**What this task involves:** Where a line of the data holds the word "symmetric", copy that line.

[Saved data entries]
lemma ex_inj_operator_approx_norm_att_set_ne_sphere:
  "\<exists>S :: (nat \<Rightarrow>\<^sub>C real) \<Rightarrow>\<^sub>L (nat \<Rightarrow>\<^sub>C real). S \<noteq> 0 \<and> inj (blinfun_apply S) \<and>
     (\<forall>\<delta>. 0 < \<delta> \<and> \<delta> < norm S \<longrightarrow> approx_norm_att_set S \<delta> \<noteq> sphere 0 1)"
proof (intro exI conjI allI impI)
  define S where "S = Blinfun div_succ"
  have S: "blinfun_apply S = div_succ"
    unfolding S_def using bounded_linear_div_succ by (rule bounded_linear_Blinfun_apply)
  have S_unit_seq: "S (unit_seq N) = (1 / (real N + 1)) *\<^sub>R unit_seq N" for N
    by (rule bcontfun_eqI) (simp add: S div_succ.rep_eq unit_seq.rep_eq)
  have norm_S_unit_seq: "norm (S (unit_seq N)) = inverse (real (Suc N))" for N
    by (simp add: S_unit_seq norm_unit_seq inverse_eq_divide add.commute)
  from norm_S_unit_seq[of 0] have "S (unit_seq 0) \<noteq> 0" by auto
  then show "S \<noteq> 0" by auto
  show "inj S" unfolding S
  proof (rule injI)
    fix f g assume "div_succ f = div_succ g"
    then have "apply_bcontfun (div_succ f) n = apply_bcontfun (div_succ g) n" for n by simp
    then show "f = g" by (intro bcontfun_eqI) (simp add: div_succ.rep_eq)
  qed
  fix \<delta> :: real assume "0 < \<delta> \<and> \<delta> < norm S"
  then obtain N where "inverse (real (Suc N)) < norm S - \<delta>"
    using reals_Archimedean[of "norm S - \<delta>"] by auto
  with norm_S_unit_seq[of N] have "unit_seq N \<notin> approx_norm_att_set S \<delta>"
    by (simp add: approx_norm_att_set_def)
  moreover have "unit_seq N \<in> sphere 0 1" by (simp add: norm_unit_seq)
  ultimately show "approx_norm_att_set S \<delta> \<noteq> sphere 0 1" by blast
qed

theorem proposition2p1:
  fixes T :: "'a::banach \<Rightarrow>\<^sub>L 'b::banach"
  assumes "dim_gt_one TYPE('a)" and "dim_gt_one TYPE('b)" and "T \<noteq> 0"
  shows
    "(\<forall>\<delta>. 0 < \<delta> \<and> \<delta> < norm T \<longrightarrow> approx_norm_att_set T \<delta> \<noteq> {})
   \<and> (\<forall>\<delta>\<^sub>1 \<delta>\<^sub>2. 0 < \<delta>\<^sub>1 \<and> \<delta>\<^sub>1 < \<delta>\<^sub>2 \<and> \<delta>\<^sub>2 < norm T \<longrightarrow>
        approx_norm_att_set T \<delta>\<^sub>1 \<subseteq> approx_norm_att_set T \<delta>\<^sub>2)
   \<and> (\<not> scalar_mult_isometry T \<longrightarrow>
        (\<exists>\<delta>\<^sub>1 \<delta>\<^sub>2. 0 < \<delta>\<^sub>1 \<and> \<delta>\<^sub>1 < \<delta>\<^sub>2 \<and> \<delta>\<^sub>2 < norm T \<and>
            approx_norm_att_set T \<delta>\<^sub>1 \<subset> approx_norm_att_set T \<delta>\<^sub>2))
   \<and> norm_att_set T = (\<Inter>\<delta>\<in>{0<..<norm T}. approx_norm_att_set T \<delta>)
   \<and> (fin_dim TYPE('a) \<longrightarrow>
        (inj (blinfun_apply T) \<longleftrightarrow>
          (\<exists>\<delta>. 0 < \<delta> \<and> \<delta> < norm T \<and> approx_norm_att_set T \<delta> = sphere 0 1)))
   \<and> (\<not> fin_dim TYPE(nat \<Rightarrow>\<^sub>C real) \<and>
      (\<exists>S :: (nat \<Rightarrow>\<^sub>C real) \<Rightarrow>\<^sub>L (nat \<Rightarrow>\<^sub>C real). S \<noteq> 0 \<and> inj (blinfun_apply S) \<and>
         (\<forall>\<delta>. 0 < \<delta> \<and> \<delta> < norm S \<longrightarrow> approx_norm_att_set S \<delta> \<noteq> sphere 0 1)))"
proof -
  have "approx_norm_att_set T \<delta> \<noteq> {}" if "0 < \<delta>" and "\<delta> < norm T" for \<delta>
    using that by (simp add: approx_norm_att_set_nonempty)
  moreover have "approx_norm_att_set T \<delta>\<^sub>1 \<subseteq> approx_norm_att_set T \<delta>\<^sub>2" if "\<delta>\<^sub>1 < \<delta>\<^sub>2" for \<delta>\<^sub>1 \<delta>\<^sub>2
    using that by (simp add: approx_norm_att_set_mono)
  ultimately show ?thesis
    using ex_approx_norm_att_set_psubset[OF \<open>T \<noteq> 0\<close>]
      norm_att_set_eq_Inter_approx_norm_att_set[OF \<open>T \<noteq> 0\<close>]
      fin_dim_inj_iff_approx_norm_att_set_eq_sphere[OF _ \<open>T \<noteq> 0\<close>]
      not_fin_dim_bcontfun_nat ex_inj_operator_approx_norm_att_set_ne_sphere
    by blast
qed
==
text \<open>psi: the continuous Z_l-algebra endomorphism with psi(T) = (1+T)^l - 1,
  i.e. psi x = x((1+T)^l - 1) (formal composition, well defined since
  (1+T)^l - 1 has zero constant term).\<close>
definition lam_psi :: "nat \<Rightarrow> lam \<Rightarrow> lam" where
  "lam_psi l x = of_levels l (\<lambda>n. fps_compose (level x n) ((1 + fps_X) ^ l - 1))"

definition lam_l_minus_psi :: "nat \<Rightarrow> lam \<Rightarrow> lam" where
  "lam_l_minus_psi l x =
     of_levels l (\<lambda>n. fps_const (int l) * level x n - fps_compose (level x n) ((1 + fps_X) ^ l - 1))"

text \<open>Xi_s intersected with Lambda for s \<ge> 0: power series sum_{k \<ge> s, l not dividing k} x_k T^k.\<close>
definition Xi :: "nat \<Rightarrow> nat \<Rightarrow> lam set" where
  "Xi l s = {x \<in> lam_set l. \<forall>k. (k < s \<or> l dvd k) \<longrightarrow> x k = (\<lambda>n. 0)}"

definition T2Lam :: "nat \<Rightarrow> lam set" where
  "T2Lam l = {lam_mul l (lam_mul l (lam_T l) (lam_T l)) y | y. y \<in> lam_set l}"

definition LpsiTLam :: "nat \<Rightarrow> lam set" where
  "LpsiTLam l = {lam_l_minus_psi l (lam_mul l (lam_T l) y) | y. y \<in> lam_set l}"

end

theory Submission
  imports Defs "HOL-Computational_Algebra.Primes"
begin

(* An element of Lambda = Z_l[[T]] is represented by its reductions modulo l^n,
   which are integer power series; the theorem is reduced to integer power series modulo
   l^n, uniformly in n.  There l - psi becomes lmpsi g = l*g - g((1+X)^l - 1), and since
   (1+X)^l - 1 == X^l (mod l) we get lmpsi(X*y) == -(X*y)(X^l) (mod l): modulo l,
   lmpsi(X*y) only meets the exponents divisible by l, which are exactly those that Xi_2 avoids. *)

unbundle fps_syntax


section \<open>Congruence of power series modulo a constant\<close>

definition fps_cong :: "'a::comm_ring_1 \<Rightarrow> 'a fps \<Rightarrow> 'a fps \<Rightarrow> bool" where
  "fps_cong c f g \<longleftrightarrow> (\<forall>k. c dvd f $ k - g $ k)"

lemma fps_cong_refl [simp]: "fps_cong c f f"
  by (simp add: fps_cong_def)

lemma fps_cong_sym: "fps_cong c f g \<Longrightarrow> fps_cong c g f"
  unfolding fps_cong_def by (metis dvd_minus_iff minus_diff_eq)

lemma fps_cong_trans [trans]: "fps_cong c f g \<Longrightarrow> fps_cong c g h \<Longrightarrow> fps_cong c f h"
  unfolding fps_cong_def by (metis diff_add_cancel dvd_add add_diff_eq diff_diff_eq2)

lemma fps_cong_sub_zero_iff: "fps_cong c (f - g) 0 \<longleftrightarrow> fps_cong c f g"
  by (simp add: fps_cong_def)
...
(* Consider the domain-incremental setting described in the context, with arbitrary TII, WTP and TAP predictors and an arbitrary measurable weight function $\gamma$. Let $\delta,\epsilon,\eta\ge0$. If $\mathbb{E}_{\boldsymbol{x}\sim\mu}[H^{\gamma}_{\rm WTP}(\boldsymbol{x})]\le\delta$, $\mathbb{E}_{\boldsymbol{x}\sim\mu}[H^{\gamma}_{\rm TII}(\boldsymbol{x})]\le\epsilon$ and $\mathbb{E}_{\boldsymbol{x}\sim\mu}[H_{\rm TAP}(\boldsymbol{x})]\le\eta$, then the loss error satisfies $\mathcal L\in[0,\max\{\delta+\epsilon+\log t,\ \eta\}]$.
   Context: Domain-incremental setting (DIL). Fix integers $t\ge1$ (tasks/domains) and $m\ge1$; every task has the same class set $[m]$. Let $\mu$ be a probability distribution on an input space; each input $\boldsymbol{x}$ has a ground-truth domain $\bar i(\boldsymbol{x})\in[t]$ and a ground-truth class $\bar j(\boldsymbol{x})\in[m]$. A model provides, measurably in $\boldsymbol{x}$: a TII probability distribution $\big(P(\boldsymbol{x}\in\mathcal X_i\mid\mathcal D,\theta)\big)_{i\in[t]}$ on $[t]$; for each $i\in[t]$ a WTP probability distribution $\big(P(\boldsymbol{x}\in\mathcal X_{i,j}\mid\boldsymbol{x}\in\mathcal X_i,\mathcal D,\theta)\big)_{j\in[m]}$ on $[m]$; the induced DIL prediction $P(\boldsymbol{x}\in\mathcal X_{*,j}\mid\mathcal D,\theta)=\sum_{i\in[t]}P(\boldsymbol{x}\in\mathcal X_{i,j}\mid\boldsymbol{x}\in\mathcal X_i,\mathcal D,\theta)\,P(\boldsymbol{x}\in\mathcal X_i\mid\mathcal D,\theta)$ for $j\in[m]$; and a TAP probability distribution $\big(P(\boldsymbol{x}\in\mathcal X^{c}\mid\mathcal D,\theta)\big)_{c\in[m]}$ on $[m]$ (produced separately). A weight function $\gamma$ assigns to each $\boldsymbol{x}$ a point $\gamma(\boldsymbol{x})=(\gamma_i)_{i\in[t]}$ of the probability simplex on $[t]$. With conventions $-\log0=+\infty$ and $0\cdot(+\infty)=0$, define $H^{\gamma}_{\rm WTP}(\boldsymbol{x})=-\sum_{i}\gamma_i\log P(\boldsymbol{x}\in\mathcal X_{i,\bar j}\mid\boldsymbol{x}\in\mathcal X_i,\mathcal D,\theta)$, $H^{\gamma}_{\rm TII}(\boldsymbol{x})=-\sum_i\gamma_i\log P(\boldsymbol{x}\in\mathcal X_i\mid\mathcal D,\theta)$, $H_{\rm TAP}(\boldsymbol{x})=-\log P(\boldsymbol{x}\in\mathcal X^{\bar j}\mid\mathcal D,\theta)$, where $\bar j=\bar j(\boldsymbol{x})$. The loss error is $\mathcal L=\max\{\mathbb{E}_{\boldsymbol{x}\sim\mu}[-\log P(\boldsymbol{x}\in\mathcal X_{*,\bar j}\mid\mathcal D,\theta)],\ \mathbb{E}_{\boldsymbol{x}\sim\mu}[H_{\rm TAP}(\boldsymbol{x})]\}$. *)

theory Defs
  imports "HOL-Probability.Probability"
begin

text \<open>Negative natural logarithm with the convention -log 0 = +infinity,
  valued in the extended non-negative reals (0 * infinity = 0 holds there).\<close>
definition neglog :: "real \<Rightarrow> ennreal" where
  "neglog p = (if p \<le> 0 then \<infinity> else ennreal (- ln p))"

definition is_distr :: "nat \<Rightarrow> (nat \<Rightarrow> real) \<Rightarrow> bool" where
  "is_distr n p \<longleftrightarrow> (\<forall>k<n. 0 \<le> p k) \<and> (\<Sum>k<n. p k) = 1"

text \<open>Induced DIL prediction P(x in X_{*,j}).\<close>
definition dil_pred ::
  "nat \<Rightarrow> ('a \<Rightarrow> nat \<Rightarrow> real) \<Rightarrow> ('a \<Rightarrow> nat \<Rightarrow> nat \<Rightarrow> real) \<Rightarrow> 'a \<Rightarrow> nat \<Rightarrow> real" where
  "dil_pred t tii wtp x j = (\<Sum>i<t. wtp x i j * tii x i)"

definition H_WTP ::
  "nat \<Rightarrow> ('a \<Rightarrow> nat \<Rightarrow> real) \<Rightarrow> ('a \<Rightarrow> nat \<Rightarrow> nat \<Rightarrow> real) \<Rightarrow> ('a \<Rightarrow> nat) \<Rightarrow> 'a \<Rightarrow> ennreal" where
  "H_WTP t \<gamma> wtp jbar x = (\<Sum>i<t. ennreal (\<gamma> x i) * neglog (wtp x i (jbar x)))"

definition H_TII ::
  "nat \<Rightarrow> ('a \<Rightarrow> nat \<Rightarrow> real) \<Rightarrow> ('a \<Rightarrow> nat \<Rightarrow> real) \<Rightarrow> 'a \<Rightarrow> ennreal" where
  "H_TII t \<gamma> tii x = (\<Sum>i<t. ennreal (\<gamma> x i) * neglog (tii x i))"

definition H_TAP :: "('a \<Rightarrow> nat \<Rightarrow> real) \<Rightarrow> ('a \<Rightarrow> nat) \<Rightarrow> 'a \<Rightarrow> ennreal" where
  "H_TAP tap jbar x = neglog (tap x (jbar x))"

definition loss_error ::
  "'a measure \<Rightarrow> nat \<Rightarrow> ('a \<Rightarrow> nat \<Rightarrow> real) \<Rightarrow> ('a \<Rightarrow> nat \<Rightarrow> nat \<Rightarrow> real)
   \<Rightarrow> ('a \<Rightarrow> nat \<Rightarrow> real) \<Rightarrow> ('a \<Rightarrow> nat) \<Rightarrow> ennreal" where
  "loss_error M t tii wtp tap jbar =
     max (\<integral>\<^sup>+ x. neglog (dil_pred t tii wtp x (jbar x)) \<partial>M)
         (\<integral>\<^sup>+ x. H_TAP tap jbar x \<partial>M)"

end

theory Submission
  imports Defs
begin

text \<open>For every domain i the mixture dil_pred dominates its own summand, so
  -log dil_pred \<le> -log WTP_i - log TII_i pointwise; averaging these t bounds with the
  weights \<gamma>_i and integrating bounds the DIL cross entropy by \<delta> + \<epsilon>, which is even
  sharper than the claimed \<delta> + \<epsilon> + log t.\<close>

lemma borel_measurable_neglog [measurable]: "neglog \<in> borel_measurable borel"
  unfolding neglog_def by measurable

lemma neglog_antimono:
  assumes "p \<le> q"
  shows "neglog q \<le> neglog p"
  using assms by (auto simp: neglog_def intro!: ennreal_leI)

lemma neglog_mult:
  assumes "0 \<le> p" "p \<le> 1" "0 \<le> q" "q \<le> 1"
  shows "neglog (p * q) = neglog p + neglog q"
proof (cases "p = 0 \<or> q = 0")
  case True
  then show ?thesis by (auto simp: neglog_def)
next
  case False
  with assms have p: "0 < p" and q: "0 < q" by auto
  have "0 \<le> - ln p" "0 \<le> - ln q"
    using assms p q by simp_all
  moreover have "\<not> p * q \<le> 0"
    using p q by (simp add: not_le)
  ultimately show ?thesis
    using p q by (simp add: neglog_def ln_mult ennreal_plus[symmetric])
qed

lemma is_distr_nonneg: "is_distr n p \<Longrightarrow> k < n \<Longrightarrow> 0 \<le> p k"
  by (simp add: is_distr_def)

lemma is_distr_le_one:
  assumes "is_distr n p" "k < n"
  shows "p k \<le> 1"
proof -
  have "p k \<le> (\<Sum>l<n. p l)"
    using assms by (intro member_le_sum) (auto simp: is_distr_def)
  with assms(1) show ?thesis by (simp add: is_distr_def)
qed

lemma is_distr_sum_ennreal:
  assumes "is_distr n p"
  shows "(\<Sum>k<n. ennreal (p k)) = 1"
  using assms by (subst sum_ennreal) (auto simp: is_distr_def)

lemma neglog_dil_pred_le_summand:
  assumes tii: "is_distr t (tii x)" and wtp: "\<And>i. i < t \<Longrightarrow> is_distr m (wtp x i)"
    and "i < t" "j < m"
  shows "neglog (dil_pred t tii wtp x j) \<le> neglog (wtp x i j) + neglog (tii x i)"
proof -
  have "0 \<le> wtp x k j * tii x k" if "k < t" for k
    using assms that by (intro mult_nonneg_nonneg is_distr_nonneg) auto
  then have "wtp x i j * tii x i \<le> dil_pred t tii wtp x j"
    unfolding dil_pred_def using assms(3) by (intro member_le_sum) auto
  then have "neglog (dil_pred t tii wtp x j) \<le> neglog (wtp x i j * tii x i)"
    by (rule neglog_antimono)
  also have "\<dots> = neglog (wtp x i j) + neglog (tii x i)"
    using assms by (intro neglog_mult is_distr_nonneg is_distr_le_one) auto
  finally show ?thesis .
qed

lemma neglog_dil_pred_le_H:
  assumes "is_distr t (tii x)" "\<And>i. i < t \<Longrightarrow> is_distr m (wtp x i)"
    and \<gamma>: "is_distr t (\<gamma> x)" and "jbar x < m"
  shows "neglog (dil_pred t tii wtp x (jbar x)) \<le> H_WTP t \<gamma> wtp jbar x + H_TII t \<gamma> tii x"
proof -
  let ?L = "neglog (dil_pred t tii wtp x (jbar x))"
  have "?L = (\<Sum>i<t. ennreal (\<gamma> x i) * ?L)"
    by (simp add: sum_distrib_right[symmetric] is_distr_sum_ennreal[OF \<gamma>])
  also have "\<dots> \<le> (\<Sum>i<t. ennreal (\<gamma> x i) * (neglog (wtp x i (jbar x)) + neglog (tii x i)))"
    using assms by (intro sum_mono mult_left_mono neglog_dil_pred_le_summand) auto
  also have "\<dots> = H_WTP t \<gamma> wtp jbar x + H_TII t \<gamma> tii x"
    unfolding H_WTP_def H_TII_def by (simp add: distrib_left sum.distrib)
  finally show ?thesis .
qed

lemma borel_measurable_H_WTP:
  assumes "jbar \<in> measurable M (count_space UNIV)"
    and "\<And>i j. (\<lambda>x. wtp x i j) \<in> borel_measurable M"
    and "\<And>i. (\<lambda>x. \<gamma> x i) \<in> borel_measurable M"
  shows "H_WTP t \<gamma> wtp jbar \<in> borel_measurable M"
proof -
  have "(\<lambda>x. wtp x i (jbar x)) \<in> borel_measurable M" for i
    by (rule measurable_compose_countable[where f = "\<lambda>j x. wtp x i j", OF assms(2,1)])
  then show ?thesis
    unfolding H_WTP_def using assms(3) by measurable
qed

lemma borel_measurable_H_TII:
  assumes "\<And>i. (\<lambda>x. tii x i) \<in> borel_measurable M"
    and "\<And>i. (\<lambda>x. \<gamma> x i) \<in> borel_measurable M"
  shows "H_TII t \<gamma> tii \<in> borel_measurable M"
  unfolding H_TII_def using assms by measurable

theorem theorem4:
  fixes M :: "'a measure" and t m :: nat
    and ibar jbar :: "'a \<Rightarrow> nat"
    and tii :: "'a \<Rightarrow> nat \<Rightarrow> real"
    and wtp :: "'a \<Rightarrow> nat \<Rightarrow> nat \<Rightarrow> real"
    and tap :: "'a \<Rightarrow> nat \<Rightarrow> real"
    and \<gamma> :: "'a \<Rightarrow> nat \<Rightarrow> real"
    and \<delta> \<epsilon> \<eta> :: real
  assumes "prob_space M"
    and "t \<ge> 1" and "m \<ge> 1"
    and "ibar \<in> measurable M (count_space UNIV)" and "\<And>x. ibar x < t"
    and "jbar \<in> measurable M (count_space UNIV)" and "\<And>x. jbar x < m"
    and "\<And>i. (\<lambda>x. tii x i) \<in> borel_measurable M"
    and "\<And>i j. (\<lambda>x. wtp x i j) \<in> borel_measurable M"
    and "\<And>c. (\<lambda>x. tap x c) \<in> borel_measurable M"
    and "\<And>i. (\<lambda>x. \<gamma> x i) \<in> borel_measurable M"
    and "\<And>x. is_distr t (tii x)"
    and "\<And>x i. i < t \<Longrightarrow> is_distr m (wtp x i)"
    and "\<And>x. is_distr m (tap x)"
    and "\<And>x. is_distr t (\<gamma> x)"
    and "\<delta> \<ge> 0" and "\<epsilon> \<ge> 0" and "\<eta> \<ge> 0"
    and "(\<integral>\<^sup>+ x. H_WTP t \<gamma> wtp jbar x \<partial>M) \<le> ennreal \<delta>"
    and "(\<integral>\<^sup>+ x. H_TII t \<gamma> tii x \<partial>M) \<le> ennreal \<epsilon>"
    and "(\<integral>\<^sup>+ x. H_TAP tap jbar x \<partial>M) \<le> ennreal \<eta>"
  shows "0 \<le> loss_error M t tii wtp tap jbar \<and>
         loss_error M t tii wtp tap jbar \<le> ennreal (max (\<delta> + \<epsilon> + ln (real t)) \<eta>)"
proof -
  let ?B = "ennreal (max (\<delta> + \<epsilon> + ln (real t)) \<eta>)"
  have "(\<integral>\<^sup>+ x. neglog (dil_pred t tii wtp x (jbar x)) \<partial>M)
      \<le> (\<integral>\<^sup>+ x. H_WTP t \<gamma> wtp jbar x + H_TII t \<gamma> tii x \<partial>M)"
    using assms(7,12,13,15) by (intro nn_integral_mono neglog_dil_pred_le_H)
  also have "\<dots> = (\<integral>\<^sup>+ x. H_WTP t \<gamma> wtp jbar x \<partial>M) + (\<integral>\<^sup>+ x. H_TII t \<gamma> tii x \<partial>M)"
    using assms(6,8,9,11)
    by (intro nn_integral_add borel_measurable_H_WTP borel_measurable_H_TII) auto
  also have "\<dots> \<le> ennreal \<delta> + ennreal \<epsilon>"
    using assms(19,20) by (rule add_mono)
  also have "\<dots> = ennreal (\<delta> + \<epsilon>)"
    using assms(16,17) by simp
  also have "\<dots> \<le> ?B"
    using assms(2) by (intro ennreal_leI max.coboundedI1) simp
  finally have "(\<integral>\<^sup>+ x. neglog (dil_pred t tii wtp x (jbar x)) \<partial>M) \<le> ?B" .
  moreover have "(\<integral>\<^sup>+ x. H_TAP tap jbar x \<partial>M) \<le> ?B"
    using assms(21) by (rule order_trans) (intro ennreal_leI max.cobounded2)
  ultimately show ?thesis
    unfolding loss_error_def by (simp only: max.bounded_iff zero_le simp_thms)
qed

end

**Task output:**
    using p q by (simp add: neglog_def ln_mult ennreal_plus[symmetric])
    by (simp add: sum_distrib_right[symmetric] is_distr_sum_ennreal[OF \<gamma>])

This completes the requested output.